(* Let $d\ge1$ and let $\mu=\prod_{i=1}^d\mu_i$ be a product probability measure on $\mathbb{R}^d$, where for each $i$, $\mathrm{d}\mu_i(x_i)=\rho_i(|x_i|)\,\mathrm{d}x_i$ is a probability measure on $\mathbb{R}$ with $\rho_i:[0,\infty)\to(0,\infty)$ continuous. Let $a_1,\dots,a_d>0$ and $B=\{x\in\mathbb{R}^d: \sum_{i=1}^d x_i^2/a_i^2\le1\}$. Then for every $f\in\bar{\mathcal{C}}_d$, $$\int_{\mathbb{R}^d} f\,\mathbf{1}_B\,\mathrm{d}\mu\ \ge\ \Big(\int_{\mathbb{R}^d} f\,\mathrm{d}\mu\Big)\,\mu(B).$$
   Context: $\mathcal{C}_1$ denotes the set of continuous compactly supported functions $g:\mathbb{R}\to[0,\infty)$ such that for every $c>0$ the set $\{t: g(t)>c\}$ is convex (an interval), and $g(t)\le g(0)$ for all $t\in\mathbb{R}$. $\bar{\mathcal{C}}_d$ denotes the set of continuous compactly supported functions $f:\mathbb{R}^d\to[0,\infty)$ such that for every $i\in\{1,\dots,d\}$ and every fixed choice of the other coordinates $(x_1,\dots,x_{i-1},x_{i+1},\dots,x_d)\in\mathbb{R}^{d-1}$, the one-variable function $x_i\mapsto f(x_1,\dots,x_{i-1},x_i,x_{i+1},\dots,x_d)$ belongs to $\mathcal{C}_1$. *)

theory Defs
  imports "HOL-Analysis.Analysis"
begin

definition C1 :: "(real \<Rightarrow> real) set" where
  "C1 = {g. continuous_on UNIV g \<and> compact (closure {t. g t \<noteq> 0}) \<and>
            (\<forall>t. 0 \<le> g t) \<and> (\<forall>c>0. convex {t. g t > c}) \<and> (\<forall>t. g t \<le> g 0)}"

definition upd_coord :: "real^'n \<Rightarrow> 'n \<Rightarrow> real \<Rightarrow> real^'n" where
  "upd_coord x i t = (\<chi> j. if j = i then t else x $ j)"

definition Cbar :: "(real^'n \<Rightarrow> real) set" where
  "Cbar = {f. continuous_on UNIV f \<and> compact (closure {x. f x \<noteq> 0}) \<and>
             (\<forall>x. 0 \<le> f x) \<and> (\<forall>i x. (\<lambda>t. f (upd_coord x i t)) \<in> C1)}"

text \<open>Product measure on R^d whose i-th factor is d mu_i = rho_i(|t|) dt:
  it is Lebesgue measure with the product density.\<close>
definition prod_meas :: "('n::finite \<Rightarrow> real \<Rightarrow> real) \<Rightarrow> (real^'n) measure" where
  "prod_meas \<rho> = density lborel (\<lambda>x. ennreal (\<Prod>i\<in>UNIV. \<rho> i \<bar>x $ i\<bar>))"

definition ellipsoid :: "('n::finite \<Rightarrow> real) \<Rightarrow> (real^'n) set" where
  "ellipsoid a = {x. (\<Sum>i\<in>UNIV. (x $ i)^2 / (a i)^2) \<le> 1}"

end

theory Submission
  imports Defs "HOL-Probability.Probability"
begin

(* The proof is a Harris (FKG-type) inequality for products of symmetric measures.
   (1) One variable: under a symmetric probability measure, a function that is unimodal at 0
       (nondecreasing up to 0, nonincreasing after) and a function that is symmetric decreasing
       (even, nonincreasing in |t|) satisfy E[f] E[g] <= E[f g].  Replacing f by its
       symmetrization does not change either side, and then this is Chebyshev's integral
       inequality for the two comonotone functions.
   (2) Finite products, by induction on the index set: integrate out one coordinate, apply (1)
       pointwise and the induction hypothesis to the partial integrals, which inherit the
       coordinatewise shapes.
   (3) prod_meas is the image, under the coordinate map, of the product of its one-dimensional
       factors, so (2) transfers to prod_meas on real^'n.
   (4) The sections of f lie in C_1, hence are unimodal at 0, and the indicator of an ellipsoid
       is symmetric decreasing along every coordinate line; the theorem is (3) for these two
       functions. *)

section \<open>Shapes of one-variable functions\<close>

definition unimodal_at0 :: "(real \<Rightarrow> real) \<Rightarrow> bool" where
  "unimodal_at0 g \<longleftrightarrow>
     (\<forall>s t. 0 \<le> s \<longrightarrow> s \<le> t \<longrightarrow> g t \<le> g s) \<and> (\<forall>s t. s \<le> t \<longrightarrow> t \<le> 0 \<longrightarrow> g s \<le> g t)"

definition symmetric_decreasing :: "(real \<Rightarrow> real) \<Rightarrow> bool" where
  "symmetric_decreasing g \<longleftrightarrow> (\<forall>t. g (- t) = g t) \<and> (\<forall>s t. 0 \<le> s \<longrightarrow> s \<le> t \<longrightarrow> g t \<le> g s)"
lemma unit_unbraiding_simps:
  assumes Z: "zobj (un, q)" and M: "M \<in> Mor"
  shows "unit_unbraiding q M \<in> Cel" "dm (unit_unbraiding q M) = M" "cd (unit_unbraiding q M) = M"
    "iso2 (unit_unbraiding q M)"
  using M ztypedD[OF zobj_typed[OF Z]] zobjD(1)[OF Z] by (simp_all add: unit_unbraiding_def)

lemma unit_braiding_unbraiding:
  assumes Z: "zobj (un, q)" and M: "M \<in> Mor"
  shows "unit_braiding (unit_unbraiding q) M = q M"
  using M ztypedD[OF zobj_typed[OF Z]] zobjD(1)[OF Z] by (simp add: unit_braiding_def unit_unbraiding_def)

lemma unit_unbraiding_nat:
  assumes Z: "zobj (un, q)" and a: "a \<in> Cel"
  shows "vc (unit_unbraiding q (cd a)) a = vc a (unit_unbraiding q (dm a))"
proof -
  note [simp] = ztypedD[OF zobj_typed[OF Z]] zobjD(1)[OF Z] unit_unbraiding_def
  have "vc (unit_unbraiding q (cd a)) a = vc (ru (cd a)) (vc (q (cd a)) (vc (inv2 (lu (cd a))) a))"
    using a by simp
  also have "\<dots> = vc (ru (cd a)) (vc (q (cd a)) (vc (hc (ic (un (tg (dm a)))) a) (inv2 (lu (dm a)))))"
    using lu_nat_inv[OF a] by simp
  also have "\<dots> = vc (ru (cd a)) (vc (hc a (ic (un (sr (dm a))))) (vc (q (dm a)) (inv2 (lu (dm a)))))"
    using vc_subst_prefix[OF zobjD(2)[OF Z a]] a by simp
  also have "\<dots> = vc a (vc (ru (dm a)) (vc (q (dm a)) (inv2 (lu (dm a)))))"
    using vc_subst_prefix[OF ru_nat[OF a, symmetric]] a by simp
  also have "\<dots> = vc a (unit_unbraiding q (dm a))" using a by simp
  finally show ?thesis .
qed

lemma unit_unbraiding_hm:
  assumes Z: "zobj (un, q)" and M: "M \<in> Mor" and N: "N \<in> Mor" and MN: "sr M = tg N"
  shows "unit_unbraiding q (hm M N) = hc (unit_unbraiding q M) (unit_unbraiding q N)"
proof (rule unit_braiding_cancel)
  let ?f = "unit_unbraiding q"
  note [simp] = unit_unbraiding_simps[OF Z] unit_braiding_unbraiding[OF Z]
  have "vc (inv2 (ru (hm M N))) (vc (?f (hm M N)) (lu (hm M N))) = q (hm M N)"
    using unit_braiding_unbraiding[OF Z, of "hm M N"] M N MN by (simp add: unit_braiding_def)
  also have "\<dots> = vc (inv2 (asc M N (un (sr N)))) (vc (hc (ic M) (unit_braiding ?f N)) (vc (asc M (un (sr M)) N)
        (vc (hc (unit_braiding ?f M) (ic N)) (inv2 (asc (un (tg M)) M N)))))"
    using zobjD(4)[OF Z M N MN] M N by simp
  also have "\<dots> = vc (inv2 (ru (hm M N))) (vc (hc (?f M) (?f N)) (lu (hm M N)))"
    by (rule unit_braiding_hexagon) (use M N MN in simp_all)
  finally show "vc (inv2 (ru (hm M N))) (vc (?f (hm M N)) (lu (hm M N)))
      = vc (inv2 (ru (hm M N))) (vc (hc (?f M) (?f N)) (lu (hm M N)))" .
qed (use M N MN unit_unbraiding_simps[OF Z] in simp_all)

lemma Z11_unit_unbraiding: "zobj (un, q) \<Longrightarrow> unit_unbraiding q \<in> Z11"
  using unit_unbraiding_simps unit_unbraiding_nat unit_unbraiding_hm
  by (auto simp: Z11_iff E11_carrier) (simp add: unit_unbraiding_def)

lemma ztyped_unit_braiding: "f \<in> carrier E11 \<Longrightarrow> ztyped (un, unit_braiding f)"
  using E11D[of f] unfolding ztyped_def by simp

lemma zisom_unit_cong:
  assumes Z: "zobj (un, q)" and e: "\<And>M. M \<in> Mor \<Longrightarrow> p M = q M" and T: "ztyped (un, p)"
  shows "zisom (un, p) (un, q)"
proof -
  have h: "zhom (un, p) (un, q) (\<lambda>x. ic (un x))"
    using e ztypedD[OF T] by (simp add: zhom_iff)
  have Zp: "zobj (un, p)"
    by (rule zobj_transport[OF Z T _ _ _ zhomD(4)[OF h]]) simp_all
  show ?thesis by (rule zisomI[OF Zp Z h]) simp
qed

lemma ztensor_unit_braiding_zhom:
  assumes f: "f \<in> carrier E11" and g: "g \<in> carrier E11"
  shows "zhom (ztensor (un, unit_braiding f) (un, unit_braiding g)) (un, unit_braiding (\<lambda>M\<in>Mor. vc (f M) (g M))) (\<lambda>x. lu (un x))"
proof -
  note [simp] = E11D(2-5)[OF f] E11D(2-5)[OF g]
  have main: "vc (hc (ic M) (lu (un (sr M)))) (vc (asc M (un (sr M)) (un (sr M))) (vc (hc (unit_braiding f M) (ic (un (sr M))))
          (vc (inv2 (asc (un (tg M)) M (un (sr M)))) (vc (hc (ic (un (tg M))) (unit_braiding g M)) (asc (un (tg M)) (un (tg M)) M)))))
       = vc (unit_braiding (\<lambda>M\<in>Mor. vc (f M) (g M)) M) (hc (lu (un (tg M))) (ic M))"
    if M: "M \<in> Mor" for M
  proof -
    let ?s = "sr M" and ?t = "tg M"
    have s: "?s \<in> Ob" "?t \<in> Ob" using M by auto
    have "vc (hc (ic M) (lu (un ?s))) (vc (asc M (un ?s) (un ?s)) (vc (hc (unit_braiding f M) (ic (un ?s)))
          (vc (inv2 (asc (un ?t) M (un ?s))) (vc (hc (ic (un ?t)) (unit_braiding g M)) (asc (un ?t) (un ?t) M)))))
       = vc (ru (hm M (un ?s))) (vc (hc (unit_braiding f M) (ic (un ?s)))
          (vc (inv2 (asc (un ?t) M (un ?s))) (vc (hc (ic (un ?t)) (unit_braiding g M)) (asc (un ?t) (un ?t) M))))"
      using lu_un_eq_ru_un[OF s(1)] vc_subst_prefix[OF ru_hm_asc[of M "un ?s"]] M by simp
    also have "\<dots> = vc (unit_braiding f M) (vc (ru (hm (un ?t) M))
          (vc (inv2 (asc (un ?t) M (un ?s))) (vc (hc (ic (un ?t)) (unit_braiding g M)) (asc (un ?t) (un ?t) M))))"
      using vc_subst_prefix[OF ru_nat[of "unit_braiding f M", symmetric]] M by simp
    also have "\<dots> = vc (unit_braiding f M) (vc (hc (ic (un ?t)) (ru M)) (vc (hc (ic (un ?t)) (unit_braiding g M)) (asc (un ?t) (un ?t) M)))"
      using vc_subst_prefix[OF ru_hm_inv_asc[of "un ?t" M]] M by simp
    also have "\<dots> = vc (unit_braiding f M) (vc (hc (ic (un ?t)) (g M)) (vc (hc (ic (un ?t)) (lu M)) (asc (un ?t) (un ?t) M)))"
      using M by (simp add: unit_braiding_def whisker_left_vc)
    also have "\<dots> = vc (unit_braiding f M) (vc (hc (ic (un ?t)) (g M)) (hc (ru (un ?t)) (ic M)))"
      using triangle[of "un ?t" M] M by simp
    also have "\<dots> = vc (inv2 (ru M)) (vc (f M) (vc (g M) (vc (lu M) (hc (ru (un ?t)) (ic M)))))"
      using vc_subst_prefix[OF lu_nat[of "g M", symmetric]] M by (simp add: unit_braiding_def)
    also have "\<dots> = vc (unit_braiding (\<lambda>M\<in>Mor. vc (f M) (g M)) M) (hc (lu (un ?t)) (ic M))"
      using lu_un_eq_ru_un[OF s(2)] M by (simp add: unit_braiding_def)
    finally show ?thesis .
  qed
  show ?thesis unfolding ztensor_def using main by (simp add: zhom_iff)
qed

abbreviation "Z11_group \<equiv> E11\<lparr>carrier := Z11\<rparr>"

lemma Z11_group_simps[simp]: "carrier Z11_group = Z11" "mult Z11_group = (\<lambda>f g. \<lambda>M\<in>Mor. vc (f M) (g M))" "one Z11_group = (\<lambda>M\<in>Mor. ic M)"
  by (simp_all add: E11_def)

lemma Z11_one: "(\<lambda>M\<in>Mor. ic M) \<in> Z11"
  unfolding Z11_iff E11_carrier by simp

lemma E11_one: "(\<lambda>M\<in>Mor. ic M) \<in> carrier E11"
  using Z11_one Z11D(1) by blast

lemma Z11_mult: assumes f: "f \<in> Z11" and g: "g \<in> Z11" shows "(\<lambda>M\<in>Mor. vc (f M) (g M)) \<in> Z11"
proof -
  have fE: "f \<in> carrier E11" and gE: "g \<in> carrier E11" using Z11D(1) f g by auto
  note [simp] = E11D(2-5)[OF fE] E11D(2-5)[OF gE]
  have nat: "vc (vc (f (cd a)) (g (cd a))) a = vc a (vc (f (dm a)) (g (dm a)))" if a: "a \<in> Cel" for a
    using a E11D(6)[OF gE a] vc_subst_prefix[OF E11D(6)[OF fE a]] by simp
  have mult: "vc (f (hm M N)) (g (hm M N)) = hc (vc (f M) (g M)) (vc (f N) (g N))"
    if "M \<in> Mor" "N \<in> Mor" "sr M = tg N" for M N
    using that Z11D(2)[OF f] Z11D(2)[OF g] by (simp add: vc_hc_interchange)
  show ?thesis unfolding Z11_iff E11_carrier using nat mult by simp
qed

lemma Z11_inv: assumes f: "f \<in> Z11" shows "(\<lambda>M\<in>Mor. inv2 (f M)) \<in> Z11"
proof -
  have fE: "f \<in> carrier E11" using Z11D(1) f by auto
  note [simp] = E11D(2-5)[OF fE]
  have nat: "vc (inv2 (f (cd a))) a = vc a (inv2 (f (dm a)))" if a: "a \<in> Cel" for a
    by (rule vc_inv2_swap[OF E11D(6)[OF fE a, symmetric]]) (use a in simp_all)
  have mult: "inv2 (f (hm M N)) = hc (inv2 (f M)) (inv2 (f N))"
    if "M \<in> Mor" "N \<in> Mor" "sr M = tg N" for M N
    using that Z11D(2)[OF f] by (simp add: inv2_hc)
  show ?thesis unfolding Z11_iff E11_carrier using nat mult by simp
qed

lemma Z11_comm: assumes f: "f \<in> Z11" and g: "g \<in> Z11" and M: "M \<in> Mor"
  shows "vc (f M) (g M) = vc (g M) (f M)"
proof -
  have fE: "f \<in> carrier E11" and gE: "g \<in> carrier E11" using Z11D(1) f g by auto
  show ?thesis using E11D(6)[OF gE, of "f M"] E11D(2-5)[OF fE M] E11D(2-5)[OF gE M] iso2_cel by simp
qed

lemma Z11_comm_group: "comm_group Z11_group"
proof (rule comm_groupI)
  fix x y assume x: "x \<in> carrier Z11_group" and y: "y \<in> carrier Z11_group"
  then show "x \<otimes>\<^bsub>Z11_group\<^esub> y \<in> carrier Z11_group" using Z11_mult by simp
  show "x \<otimes>\<^bsub>Z11_group\<^esub> y = y \<otimes>\<^bsub>Z11_group\<^esub> x" using x y Z11_comm by (auto intro!: restrict_ext)
  fix z assume z: "z \<in> carrier Z11_group"
  show "x \<otimes>\<^bsub>Z11_group\<^esub> y \<otimes>\<^bsub>Z11_group\<^esub> z = x \<otimes>\<^bsub>Z11_group\<^esub> (y \<otimes>\<^bsub>Z11_group\<^esub> z)"
    using x y z E11D(2-5)[OF Z11D(1)] by (auto intro!: restrict_ext simp: iso2_cel)
next
  show "\<one>\<^bsub>Z11_group\<^esub> \<in> carrier Z11_group" using Z11_one by simp
next
  fix x assume x: "x \<in> carrier Z11_group"
  then have xE: "x \<in> carrier E11" using Z11D(1) by simp
  show "\<one>\<^bsub>Z11_group\<^esub> \<otimes>\<^bsub>Z11_group\<^esub> x = x"
    using E11D[OF xE] by (auto intro!: extensionalityI[OF _ E11D(1)[OF xE]] simp: iso2_cel)
  show "\<exists>y\<in>carrier Z11_group. y \<otimes>\<^bsub>Z11_group\<^esub> x = \<one>\<^bsub>Z11_group\<^esub>"
    using x Z11_inv E11D(2-5)[OF xE] by (auto intro!: bexI[of _ "\<lambda>M\<in>Mor. inv2 (x M)"] restrict_ext)
qed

**WHAT THE TASK REQUIRES**
Beginning with the line containing "vc (g M) (f" and ending with the line containing "Z11_mult by simp", extract those lines exactly from the listing above, and only those.

**SOLUTION TO THE PROBLEM**
  shows "vc (f M) (g M) = vc (g M) (f M)"
proof -
  have fE: "f \<in> carrier E11" and gE: "g \<in> carrier E11" using Z11D(1) f g by auto
  show ?thesis using E11D(6)[OF gE, of "f M"] E11D(2-5)[OF fE M] E11D(2-5)[OF gE M] iso2_cel by simp
qed

lemma Z11_comm_group: "comm_group Z11_group"
proof (rule comm_groupI)
  fix x y assume x: "x \<in> carrier Z11_group" and y: "y \<in> carrier Z11_group"
  then show "x \<otimes>\<^bsub>Z11_group\<^esub> y \<in> carrier Z11_group" using Z11_mult by simp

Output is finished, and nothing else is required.